***** Data section *****
lemma beta_star_iff:
  assumes U: "submod R N U" and V: "submod R N V"
  shows "beta_star R N U V \<longleftrightarrow>
         (\<forall>K. submod R N K \<longrightarrow> (U <+> K = carrier N \<longleftrightarrow> V <+> K = carrier N))"
    (is "_ \<longleftrightarrow> ?same")
proof -
  have UV: "submod R N (U <+> V)" by (rule submod_set_add[OF U V])
  have UC: "U \<subseteq> carrier N" and VC: "V \<subseteq> carrier N" using submodD(1) U V by auto
  have U_sub: "U \<subseteq> U <+> V" by (rule subset_set_add[OF V UC])
  have V_sub: "V \<subseteq> U <+> V"
    using subset_set_add[OF U VC] set_add_commute[OF UC VC] by simp
  let ?common = "\<forall>K. submod R N K \<longrightarrow> (U <+> V) <+> K = carrier N \<longrightarrow>
      U <+> K = carrier N \<and> V <+> K = carrier N"
  have "beta_star R N U V \<longleftrightarrow> ?common"
    unfolding beta_star_def small_quot_iff[OF U UV U_sub] small_quot_iff[OF V UV V_sub] by blast
  moreover have "?same" if common: ?common
  proof (intro allI impI)
    fix K assume K: "submod R N K"
    have KC: "K \<subseteq> carrier N" using submodD(1)[OF K] .
    have enlarge: "(U <+> V) <+> K = carrier N" if ZK: "Z <+> K = carrier N" and Z: "Z \<subseteq> U <+> V"
      for Z
    proof
      show "(U <+> V) <+> K \<subseteq> carrier N" by (intro set_add_closed UC VC KC)
      show "carrier N \<subseteq> (U <+> V) <+> K"
        using set_add_mono[OF Z subset_refl, where B = K and G = N] ZK by simp
    qed
    show "U <+> K = carrier N \<longleftrightarrow> V <+> K = carrier N"
      using common[rule_format, OF K] enlarge[OF _ U_sub] enlarge[OF _ V_sub] by blast
  qed
  moreover have ?common if same: ?same
  proof (intro allI impI)
    fix K assume K: "submod R N K" and UVK: "(U <+> V) <+> K = carrier N"
    have KC: "K \<subseteq> carrier N" using submodD(1)[OF K] .
    have VK: "submod R N (V <+> K)" by (rule submod_set_add[OF V K])
    have "V <+> (V <+> K) = V <+> K"
      using set_add_absorb[OF VK subset_set_add[OF K VC] submodD(2)[OF V]] .
    moreover have "U <+> (V <+> K) = carrier N"
      using UVK by (simp add: set_add_assoc UC VC KC)
    ultimately have "V <+> K = carrier N" using same VK by simp
    then show "U <+> K = carrier N \<and> V <+> K = carrier N" using same K by blast
  qed
  ultimately show ?thesis by blast
qed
*****
### Task objective
The lines from the one holding "using subset_set_add[OF U" to the final line of the entries, both included, are what should be output, exactly and alone.

### Reply to the task
    using subset_set_add[OF U VC] set_add_commute[OF UC VC] by simp
  let ?common = "\<forall>K. submod R N K \<longrightarrow> (U <+> V) <+> K = carrier N \<longrightarrow>
      U <+> K = carrier N \<and> V <+> K = carrier N"
  have "beta_star R N U V \<longleftrightarrow> ?common"
    unfolding beta_star_def small_quot_iff[OF U UV U_sub] small_quot_iff[OF V UV V_sub] by blast
  moreover have "?same" if common: ?common
  proof (intro allI impI)
    fix K assume K: "submod R N K"
    have KC: "K \<subseteq> carrier N" using submodD(1)[OF K] .
    have enlarge: "(U <+> V) <+> K = carrier N" if ZK: "Z <+> K = carrier N" and Z: "Z \<subseteq> U <+> V"
      for Z
    proof
      show "(U <+> V) <+> K \<subseteq> carrier N" by (intro set_add_closed UC VC KC)
      show "carrier N \<subseteq> (U <+> V) <+> K"
        using set_add_mono[OF Z subset_refl, where B = K and G = N] ZK by simp
    qed
    show "U <+> K = carrier N \<longleftrightarrow> V <+> K = carrier N"
      using common[rule_format, OF K] enlarge[OF _ U_sub] enlarge[OF _ V_sub] by blast
  qed
  moreover have ?common if same: ?same
  proof (intro allI impI)
    fix K assume K: "submod R N K" and UVK: "(U <+> V) <+> K = carrier N"
    have KC: "K \<subseteq> carrier N" using submodD(1)[OF K] .
    have VK: "submod R N (V <+> K)" by (rule submod_set_add[OF V K])
    have "V <+> (V <+> K) = V <+> K"
      using set_add_absorb[OF VK subset_set_add[OF K VC] submodD(2)[OF V]] .
    moreover have "U <+> (V <+> K) = carrier N"
      using UVK by (simp add: set_add_assoc UC VC KC)
    ultimately have "V <+> K = carrier N" using same VK by simp
    then show "U <+> K = carrier N \<and> V <+> K = carrier N" using same K by blast
  qed
  ultimately show ?thesis by blast
qed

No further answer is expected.